#### The task
With nothing added or dropped, copy the data that follows exactly.

#### Data shown
lemma popp_B_eq_diagonal:
  assumes qc: "qc_structure n U \<eta> g I V" and frame: "spn_sp1_frame n U \<eta> g I X" and "p \<in> U"
    and "i \<in> {1..3}" "j \<in> {1..3}"
  shows "popp_B n \<eta> X p i j = (if i = j then 16 * real n else 0)"
proof -
  interpret quaternionic_frame "horiz \<eta> p" "g p" "\<lambda>a. X a p" "4 * n" "\<lambda>i. I i p"
    using qc_quaternionic_frame[OF qc frame \<open>p \<in> U\<close>] .
  have ij: "i \<in> {1,2,3}" "j \<in> {1,2,3}" using assms(4,5) by auto
  have "popp_b \<eta> X p i a b * popp_b \<eta> X p j a b
      = 4 * (g p (I i p (X a p)) (X b p) * g p (I j p (X a p)) (X b p))"
    if "a \<in> {1..4*n}" "b \<in> {1..4*n}" for a b
    using popp_b_eq_fundamental_form[OF qc frame \<open>p \<in> U\<close> ij(1) that]
      popp_b_eq_fundamental_form[OF qc frame \<open>p \<in> U\<close> ij(2) that] by simp
  then have "popp_B n \<eta> X p i j = 4 * (\<Sum>a\<in>{1..4*n}. \<Sum>b\<in>{1..4*n}.
      g p (I i p (X a p)) (X b p) * g p (I j p (X a p)) (X b p))"
    unfolding popp_B_def sum_distrib_left by (intro sum.cong refl) auto
  then show ?thesis using sum_products_J_frame[OF ij] by simp
qed

theorem lemma4p1:
  fixes U :: "'a::euclidean_space set"
    and \<eta> V :: "nat \<Rightarrow> 'a \<Rightarrow> 'a"
    and g :: "'a \<Rightarrow> 'a \<Rightarrow> 'a \<Rightarrow> real"
    and I :: "nat \<Rightarrow> 'a \<Rightarrow> 'a \<Rightarrow> 'a"
    and X :: "nat \<Rightarrow> 'a \<Rightarrow> 'a"
    and n :: nat
  assumes "qc_structure n U \<eta> g I V"
    and "spn_sp1_frame n U \<eta> g I X"
  shows "\<forall>p\<in>U. popp_coeff n \<eta> X p = 1 / (16 * real n) powr (3/2)"
proof
  fix p assume "p \<in> U"
  have "det_nat 3 (popp_B n \<eta> X p) = (16 * real n) ^ 3"
    using popp_B_eq_diagonal[OF assms \<open>p \<in> U\<close>] by (intro det_nat_diagonal) simp
  moreover have "n \<ge> 1" using assms(1) unfolding qc_structure_def by blast
  then have "sqrt ((16 * real n) ^ 3) = (16 * real n) powr (3/2)"
    by (intro sqrt_power3_eq_powr) simp
  ultimately show "popp_coeff n \<eta> X p = 1 / (16 * real n) powr (3/2)"
    unfolding popp_coeff_def by (simp only:)
qed

end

#### Solution to this problem
lemma popp_B_eq_diagonal:
  assumes qc: "qc_structure n U \<eta> g I V" and frame: "spn_sp1_frame n U \<eta> g I X" and "p \<in> U"
    and "i \<in> {1..3}" "j \<in> {1..3}"
  shows "popp_B n \<eta> X p i j = (if i = j then 16 * real n else 0)"
proof -
  interpret quaternionic_frame "horiz \<eta> p" "g p" "\<lambda>a. X a p" "4 * n" "\<lambda>i. I i p"
    using qc_quaternionic_frame[OF qc frame \<open>p \<in> U\<close>] .
  have ij: "i \<in> {1,2,3}" "j \<in> {1,2,3}" using assms(4,5) by auto
  have "popp_b \<eta> X p i a b * popp_b \<eta> X p j a b
      = 4 * (g p (I i p (X a p)) (X b p) * g p (I j p (X a p)) (X b p))"
    if "a \<in> {1..4*n}" "b \<in> {1..4*n}" for a b
    using popp_b_eq_fundamental_form[OF qc frame \<open>p \<in> U\<close> ij(1) that]
      popp_b_eq_fundamental_form[OF qc frame \<open>p \<in> U\<close> ij(2) that] by simp
  then have "popp_B n \<eta> X p i j = 4 * (\<Sum>a\<in>{1..4*n}. \<Sum>b\<in>{1..4*n}.
      g p (I i p (X a p)) (X b p) * g p (I j p (X a p)) (X b p))"
    unfolding popp_B_def sum_distrib_left by (intro sum.cong refl) auto
  then show ?thesis using sum_products_J_frame[OF ij] by simp
qed

theorem lemma4p1:
  fixes U :: "'a::euclidean_space set"
    and \<eta> V :: "nat \<Rightarrow> 'a \<Rightarrow> 'a"
    and g :: "'a \<Rightarrow> 'a \<Rightarrow> 'a \<Rightarrow> real"
    and I :: "nat \<Rightarrow> 'a \<Rightarrow> 'a \<Rightarrow> 'a"
    and X :: "nat \<Rightarrow> 'a \<Rightarrow> 'a"
    and n :: nat
  assumes "qc_structure n U \<eta> g I V"
    and "spn_sp1_frame n U \<eta> g I X"
  shows "\<forall>p\<in>U. popp_coeff n \<eta> X p = 1 / (16 * real n) powr (3/2)"
proof
  fix p assume "p \<in> U"
  have "det_nat 3 (popp_B n \<eta> X p) = (16 * real n) ^ 3"
    using popp_B_eq_diagonal[OF assms \<open>p \<in> U\<close>] by (intro det_nat_diagonal) simp
  moreover have "n \<ge> 1" using assms(1) unfolding qc_structure_def by blast
  then have "sqrt ((16 * real n) ^ 3) = (16 * real n) powr (3/2)"
    by (intro sqrt_power3_eq_powr) simp
  ultimately show "popp_coeff n \<eta> X p = 1 / (16 * real n) powr (3/2)"
    unfolding popp_coeff_def by (simp only:)
qed

end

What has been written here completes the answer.